**REQUIREMENT**
Reproduce every line in the material below that holds "thesis".

───── DATA FOR ANALYSIS ─────

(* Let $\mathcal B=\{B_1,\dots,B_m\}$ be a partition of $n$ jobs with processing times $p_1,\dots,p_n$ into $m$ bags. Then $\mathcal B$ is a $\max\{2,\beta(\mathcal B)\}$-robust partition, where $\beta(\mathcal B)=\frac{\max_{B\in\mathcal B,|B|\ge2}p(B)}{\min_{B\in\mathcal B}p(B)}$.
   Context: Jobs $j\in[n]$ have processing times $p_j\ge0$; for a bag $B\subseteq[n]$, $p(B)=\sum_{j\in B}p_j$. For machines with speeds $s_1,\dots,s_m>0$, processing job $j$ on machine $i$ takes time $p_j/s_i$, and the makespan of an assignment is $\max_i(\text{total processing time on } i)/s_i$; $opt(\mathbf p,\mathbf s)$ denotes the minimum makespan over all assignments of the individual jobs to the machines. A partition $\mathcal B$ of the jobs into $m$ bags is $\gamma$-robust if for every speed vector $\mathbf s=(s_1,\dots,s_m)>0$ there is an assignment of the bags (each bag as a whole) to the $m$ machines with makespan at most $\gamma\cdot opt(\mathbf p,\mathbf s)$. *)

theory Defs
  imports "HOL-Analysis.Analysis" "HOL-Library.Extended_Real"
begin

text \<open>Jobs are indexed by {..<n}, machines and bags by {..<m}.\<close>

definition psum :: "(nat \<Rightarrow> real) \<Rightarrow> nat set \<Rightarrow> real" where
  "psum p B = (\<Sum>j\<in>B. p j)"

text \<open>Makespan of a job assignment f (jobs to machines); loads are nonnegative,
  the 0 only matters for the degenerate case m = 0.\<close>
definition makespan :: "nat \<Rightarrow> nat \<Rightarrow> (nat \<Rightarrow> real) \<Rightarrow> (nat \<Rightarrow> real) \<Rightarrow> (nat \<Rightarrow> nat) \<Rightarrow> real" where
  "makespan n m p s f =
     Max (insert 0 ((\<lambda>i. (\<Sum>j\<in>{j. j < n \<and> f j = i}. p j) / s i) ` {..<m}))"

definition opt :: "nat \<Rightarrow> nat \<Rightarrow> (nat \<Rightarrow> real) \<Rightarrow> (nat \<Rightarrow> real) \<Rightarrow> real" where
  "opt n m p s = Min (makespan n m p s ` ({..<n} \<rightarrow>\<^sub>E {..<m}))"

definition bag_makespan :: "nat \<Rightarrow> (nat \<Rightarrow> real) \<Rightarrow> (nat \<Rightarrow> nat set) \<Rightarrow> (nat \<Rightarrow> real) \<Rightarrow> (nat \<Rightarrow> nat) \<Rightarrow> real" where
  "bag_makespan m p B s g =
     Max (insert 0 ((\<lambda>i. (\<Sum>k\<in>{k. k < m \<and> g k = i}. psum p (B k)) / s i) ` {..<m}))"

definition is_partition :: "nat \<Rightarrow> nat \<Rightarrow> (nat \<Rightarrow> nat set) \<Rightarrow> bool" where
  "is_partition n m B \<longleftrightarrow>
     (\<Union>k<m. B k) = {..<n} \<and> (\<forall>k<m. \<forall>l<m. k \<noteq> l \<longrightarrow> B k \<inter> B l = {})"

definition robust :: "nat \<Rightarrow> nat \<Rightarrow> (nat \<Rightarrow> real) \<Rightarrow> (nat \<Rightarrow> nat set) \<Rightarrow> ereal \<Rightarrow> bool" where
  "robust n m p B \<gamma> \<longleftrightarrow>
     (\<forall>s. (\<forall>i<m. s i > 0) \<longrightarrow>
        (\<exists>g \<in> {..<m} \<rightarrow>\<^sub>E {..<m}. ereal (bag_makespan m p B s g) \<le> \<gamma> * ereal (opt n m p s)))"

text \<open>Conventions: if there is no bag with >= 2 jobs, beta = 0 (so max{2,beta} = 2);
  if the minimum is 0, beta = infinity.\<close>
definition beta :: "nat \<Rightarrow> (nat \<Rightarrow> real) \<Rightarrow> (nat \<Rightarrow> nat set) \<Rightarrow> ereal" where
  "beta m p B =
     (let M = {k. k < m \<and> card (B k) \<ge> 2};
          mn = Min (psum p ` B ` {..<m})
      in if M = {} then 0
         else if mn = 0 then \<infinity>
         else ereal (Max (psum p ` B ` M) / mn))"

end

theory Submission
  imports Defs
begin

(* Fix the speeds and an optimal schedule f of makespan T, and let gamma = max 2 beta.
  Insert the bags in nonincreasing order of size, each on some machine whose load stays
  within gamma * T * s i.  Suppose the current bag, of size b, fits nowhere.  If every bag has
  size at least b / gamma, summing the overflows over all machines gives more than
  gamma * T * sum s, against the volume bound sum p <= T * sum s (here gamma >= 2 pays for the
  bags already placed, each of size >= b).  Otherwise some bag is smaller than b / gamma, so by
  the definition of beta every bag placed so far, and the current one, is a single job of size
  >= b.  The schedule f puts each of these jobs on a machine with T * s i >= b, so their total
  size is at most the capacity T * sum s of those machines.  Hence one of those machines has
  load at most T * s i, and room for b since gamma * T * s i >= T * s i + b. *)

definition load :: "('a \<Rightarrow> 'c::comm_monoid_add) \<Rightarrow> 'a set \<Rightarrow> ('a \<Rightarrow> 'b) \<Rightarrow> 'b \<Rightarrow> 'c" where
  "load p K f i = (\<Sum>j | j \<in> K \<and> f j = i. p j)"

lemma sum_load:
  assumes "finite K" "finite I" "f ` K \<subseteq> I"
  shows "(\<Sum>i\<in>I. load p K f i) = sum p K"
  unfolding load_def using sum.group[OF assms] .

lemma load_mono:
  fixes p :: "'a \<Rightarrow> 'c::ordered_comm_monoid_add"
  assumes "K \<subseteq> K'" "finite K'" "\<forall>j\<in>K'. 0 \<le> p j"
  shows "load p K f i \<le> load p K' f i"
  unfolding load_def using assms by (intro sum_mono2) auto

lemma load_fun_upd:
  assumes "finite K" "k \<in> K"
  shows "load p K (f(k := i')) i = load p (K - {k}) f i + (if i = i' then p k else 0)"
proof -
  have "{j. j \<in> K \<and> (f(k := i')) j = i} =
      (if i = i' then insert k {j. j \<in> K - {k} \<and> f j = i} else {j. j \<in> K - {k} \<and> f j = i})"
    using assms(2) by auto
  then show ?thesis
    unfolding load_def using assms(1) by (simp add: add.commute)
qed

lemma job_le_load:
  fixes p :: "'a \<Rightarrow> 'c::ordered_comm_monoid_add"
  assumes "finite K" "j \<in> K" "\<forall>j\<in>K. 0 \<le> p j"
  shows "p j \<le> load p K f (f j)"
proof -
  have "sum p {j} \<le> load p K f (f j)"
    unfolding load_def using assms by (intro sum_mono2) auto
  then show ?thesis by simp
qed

─────
───── DATA FOR ANALYSIS ─────

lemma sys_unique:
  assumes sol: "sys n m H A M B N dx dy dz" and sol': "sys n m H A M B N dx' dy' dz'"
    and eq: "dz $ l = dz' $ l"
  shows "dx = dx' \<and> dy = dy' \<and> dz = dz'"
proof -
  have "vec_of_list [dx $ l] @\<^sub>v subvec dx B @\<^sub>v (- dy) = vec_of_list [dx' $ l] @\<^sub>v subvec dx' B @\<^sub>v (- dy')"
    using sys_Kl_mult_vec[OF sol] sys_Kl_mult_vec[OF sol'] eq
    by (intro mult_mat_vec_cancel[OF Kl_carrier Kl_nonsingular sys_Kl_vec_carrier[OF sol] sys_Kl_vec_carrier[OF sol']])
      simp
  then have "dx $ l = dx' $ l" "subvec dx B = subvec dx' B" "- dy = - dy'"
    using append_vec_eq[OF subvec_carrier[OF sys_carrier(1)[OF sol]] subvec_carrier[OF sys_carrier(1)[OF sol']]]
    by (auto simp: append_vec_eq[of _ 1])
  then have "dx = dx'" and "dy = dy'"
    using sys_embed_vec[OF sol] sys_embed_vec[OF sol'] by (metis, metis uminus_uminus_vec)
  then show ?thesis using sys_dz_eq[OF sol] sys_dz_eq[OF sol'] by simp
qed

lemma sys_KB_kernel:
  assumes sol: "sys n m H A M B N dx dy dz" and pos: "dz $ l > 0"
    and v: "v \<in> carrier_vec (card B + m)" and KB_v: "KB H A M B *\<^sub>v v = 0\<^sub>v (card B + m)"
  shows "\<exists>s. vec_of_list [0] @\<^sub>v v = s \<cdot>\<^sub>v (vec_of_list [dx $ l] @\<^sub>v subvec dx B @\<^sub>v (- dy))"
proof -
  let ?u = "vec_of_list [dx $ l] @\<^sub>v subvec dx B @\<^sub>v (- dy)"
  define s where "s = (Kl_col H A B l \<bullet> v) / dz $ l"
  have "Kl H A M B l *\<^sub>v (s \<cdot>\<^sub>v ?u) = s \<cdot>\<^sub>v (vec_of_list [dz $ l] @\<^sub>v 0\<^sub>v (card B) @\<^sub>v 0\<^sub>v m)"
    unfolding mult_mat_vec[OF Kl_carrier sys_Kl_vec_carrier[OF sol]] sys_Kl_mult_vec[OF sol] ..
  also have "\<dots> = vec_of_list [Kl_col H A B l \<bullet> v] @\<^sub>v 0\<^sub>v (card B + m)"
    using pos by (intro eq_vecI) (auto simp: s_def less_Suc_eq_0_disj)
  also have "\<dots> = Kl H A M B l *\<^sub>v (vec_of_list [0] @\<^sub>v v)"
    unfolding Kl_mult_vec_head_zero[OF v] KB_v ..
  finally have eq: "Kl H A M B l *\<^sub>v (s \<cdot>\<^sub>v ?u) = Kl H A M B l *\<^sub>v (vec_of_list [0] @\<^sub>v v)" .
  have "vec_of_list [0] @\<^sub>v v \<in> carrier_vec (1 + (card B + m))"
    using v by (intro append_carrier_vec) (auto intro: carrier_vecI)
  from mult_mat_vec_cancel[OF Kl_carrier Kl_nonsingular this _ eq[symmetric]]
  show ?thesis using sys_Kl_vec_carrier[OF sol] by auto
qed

─────

**ANSWER FOR THIS EXERCISE**
  then show ?thesis
  then show ?thesis by simp
  then show ?thesis using sys_dz_eq[OF sol] sys_dz_eq[OF sol'] by simp
  show ?thesis using sys_Kl_vec_carrier[OF sol] by auto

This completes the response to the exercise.